After the vet appointment, we drove to Ren’s to see our friend Kelly and do a little shopping. We often stay with Kelly during our visits south, but she is currently fostering a dog from Aussie Rescue that is not too dog friendly, so visiting her at home wasn’t really an option. At Ren’s we chatted briefly with Kelly and bought Canyon a new toy – it’s like a cuz, but is all holey and has a water bottle crunched up inside it – as well as some blueberry treats and some kitty Greenies.

We then set off for Toronto and stayed with Taz and Caleb for the weekend.

On Saturday we drove to Newmarket to buy some new running shoes for Huib and then to Aurora to plant some flowers at my Mom’s grave. A few years ago, Huib and I created a little garden in front of her gravestone and try to plant flowers each summer. After we were done, we set off for Etobicoke and took Phoenix’s foster family for dinner at Swiss Chalet. Ray and Alice are doing well. Alice no longer needs a wheelchair and just uses her walker to get around. It’s so amazing to see the progress she has made since her stroke three years ago.

sunday was Woofstock. We drove the Orlando downtown and then parked it in the Metro’s underground parking lot. We thought we’d park there so that the dogs could have a safe place to rest if they became too overheated or tired.

Look who else came…

It’s Rogue’s sister Ruby!

Ruby is a little bigger than Rogue and has slightly longer and darker fur. She is absolutely adorable though, just like her sister. I can’t wait to have the girls meet in a less chaotic environment though because similar to Rogue (at times) Ruby was a bit timid and subdued, so it will be neat to see her in her own environment.

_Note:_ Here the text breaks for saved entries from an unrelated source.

(* Let $M=V^TV$ be an $n\times n$ positive semidefinite matrix of rank $d$, where $V\in\mathbb{R}^{d\times n}$ has columns $v_1,\dots,v_n$, and let $1\le j\le d$. Let $\mu$ be the optimal value (infimum) of the program \[ \text{minimize } \Delta_j(W)\quad\text{s.t. } v_i^TWv_i\le 1\ \ \forall 1\le i\le n,\quad W\succ 0 \] over $d\times d$ symmetric matrices $W$. Then $\mathrm{msd}_j(M)\le e^{\mu}$.
   Context: For a $d\times d$ matrix $W\succ 0$, $\Delta_j(W)\coloneqq-\sum_{i=1}^j\ln\lambda_i$, where $\lambda_1\le\dots\le\lambda_d$ are the eigenvalues of $W$ (minus the sum of logarithms of the $j$ smallest eigenvalues). $\mathrm{msd}_j(M)\coloneqq\max\{\det(M_{S,S}): S\subseteq[n],\ |S|=j\}$. *)

theory Defs
  imports "Jordan_Normal_Form.Char_Poly" "Jordan_Normal_Form.DL_Rank" "Jordan_Normal_Form.DL_Submatrix"
begin

definition eigvals_sorted :: "real mat \<Rightarrow> real list" where
  "eigvals_sorted W = sorted_list_of_multiset (proots (char_poly W))"

definition Delta :: "nat \<Rightarrow> real mat \<Rightarrow> real" where
  "Delta j W = - (\<Sum>i<j. ln (eigvals_sorted W ! i))"

definition pos_def :: "nat \<Rightarrow> real mat \<Rightarrow> bool" where
  "pos_def d W \<longleftrightarrow> W \<in> carrier_mat d d \<and> transpose_mat W = W \<and>
     (\<forall>x \<in> carrier_vec d. x \<noteq> 0\<^sub>v d \<longrightarrow> x \<bullet> (W *\<^sub>v x) > 0)"

definition msd :: "nat \<Rightarrow> real mat \<Rightarrow> real" where
  "msd j M = Max {det (submatrix M S S) | S. S \<subseteq> {..<dim_row M} \<and> card S = j}"

end

theory Submission
  imports Defs
begin

text \<open>Diagonalise \<open>W = Q diag(\<mu>) Q\<^sup>T\<close>. For a \<open>j\<close>-subset \<open>S\<close> let \<open>B\<close> consist of the columns of \<open>V\<close>
  indexed by \<open>S\<close>, so that the principal minor is \<open>det (B\<^sup>T B)\<close>. Feasibility makes \<open>B\<^sup>T W B\<close> positive
  semidefinite with diagonal entries at most 1, hence \<open>det (B\<^sup>T W B) \<le> 1\<close> by AM--GM on its
  eigenvalues. On the other hand, with \<open>C = Q\<^sup>T B\<close> the Cauchy--Binet expansion gives
  \<open>det (B\<^sup>T W B) = \<Sum>\<^sub>T (\<Prod>\<^sub>t\<^sub>\<in>\<^sub>T \<mu> t) h\<^sub>T\<close> and \<open>det (B\<^sup>T B) = \<Sum>\<^sub>T h\<^sub>T\<close> with weights \<open>h\<^sub>T \<ge> 0\<close>, and each
  product \<open>\<Prod>\<^sub>t\<^sub>\<in>\<^sub>T \<mu> t\<close> is at least the product \<open>exp (- \<Delta>\<^sub>j W)\<close> of the \<open>j\<close> smallest eigenvalues.
  Thus \<open>det (B\<^sup>T B) exp (- \<Delta>\<^sub>j W) \<le> 1\<close> for every feasible \<open>W\<close>.\<close>

lemma scalar_prod_self_pos:
  fixes w :: "real vec"
  assumes "w \<in> carrier_vec n" "w \<noteq> 0\<^sub>v n"
  shows "w \<bullet> w > 0"
proof -
  from assms obtain i where i: "i < n" "w $ i \<noteq> 0"
    by (metis eq_vecI carrier_vecD index_zero_vec(1,2))
  have "w \<bullet> w = (\<Sum>k\<in>{0..<n}. w $ k * w $ k)" using assms by (simp add: scalar_prod_def)
  also have "\<dots> > 0"
  proof (rule sum_pos2[of _ i])
    show "w $ i * w $ i > 0" using i(2) by (metis not_real_square_gt_zero)
  qed (use i in auto)
  finally show ?thesis .
qed

lemma mult_mat_vec_unit_vec:
  fixes A :: "'a :: comm_semiring_1 mat"
  assumes "A \<in> carrier_mat nr n" and "i < n"
  shows "A *\<^sub>v unit_vec n i = col A i"
proof (rule eq_vecI)
  fix k assume "k < dim_vec (col A i)"
  then have "(A *\<^sub>v unit_vec n i) $ k = (\<Sum>l\<in>{0..<n}. A $$ (k,l) * (if l = i then 1 else 0))"
    using assms by (simp add: scalar_prod_def)
  also have "\<dots> = A $$ (k,i)" using assms by (simp add: if_distrib cong: if_cong)
  finally show "(A *\<^sub>v unit_vec n i) $ k = col A i $ k" using assms \<open>k < dim_vec (col A i)\<close> by simp
qed (use assms in auto)

lemma assoc_mult_mat_dim:
  fixes A :: "'a :: semiring_0 mat"
  shows "dim_col A = dim_row B \<Longrightarrow> dim_col B = dim_row C \<Longrightarrow> A * B * C = A * (B * C)"
  by (rule assoc_mult_mat[of A "dim_row A" "dim_col A" B "dim_col B" C "dim_col C"]) auto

Woofstock was great, there were tons of different vendors and organizations to see. We got various treats and bought life jackets for the girls and winter coats for the labs. the life jackets are red with black and the winter coats are purple and bluish purple. I really wanted to get them each a cooling coat (it feels like a shammy and you cover it in water to keep the dogs cool) but they were over a hundred dollars, so we will need to wait on that.

Time to cool off…

By the end of our trip, the dogs were completely exhausted! they all piled into the Orlando and we didn’t hear from them until we arrived in Huntsville a few hours later.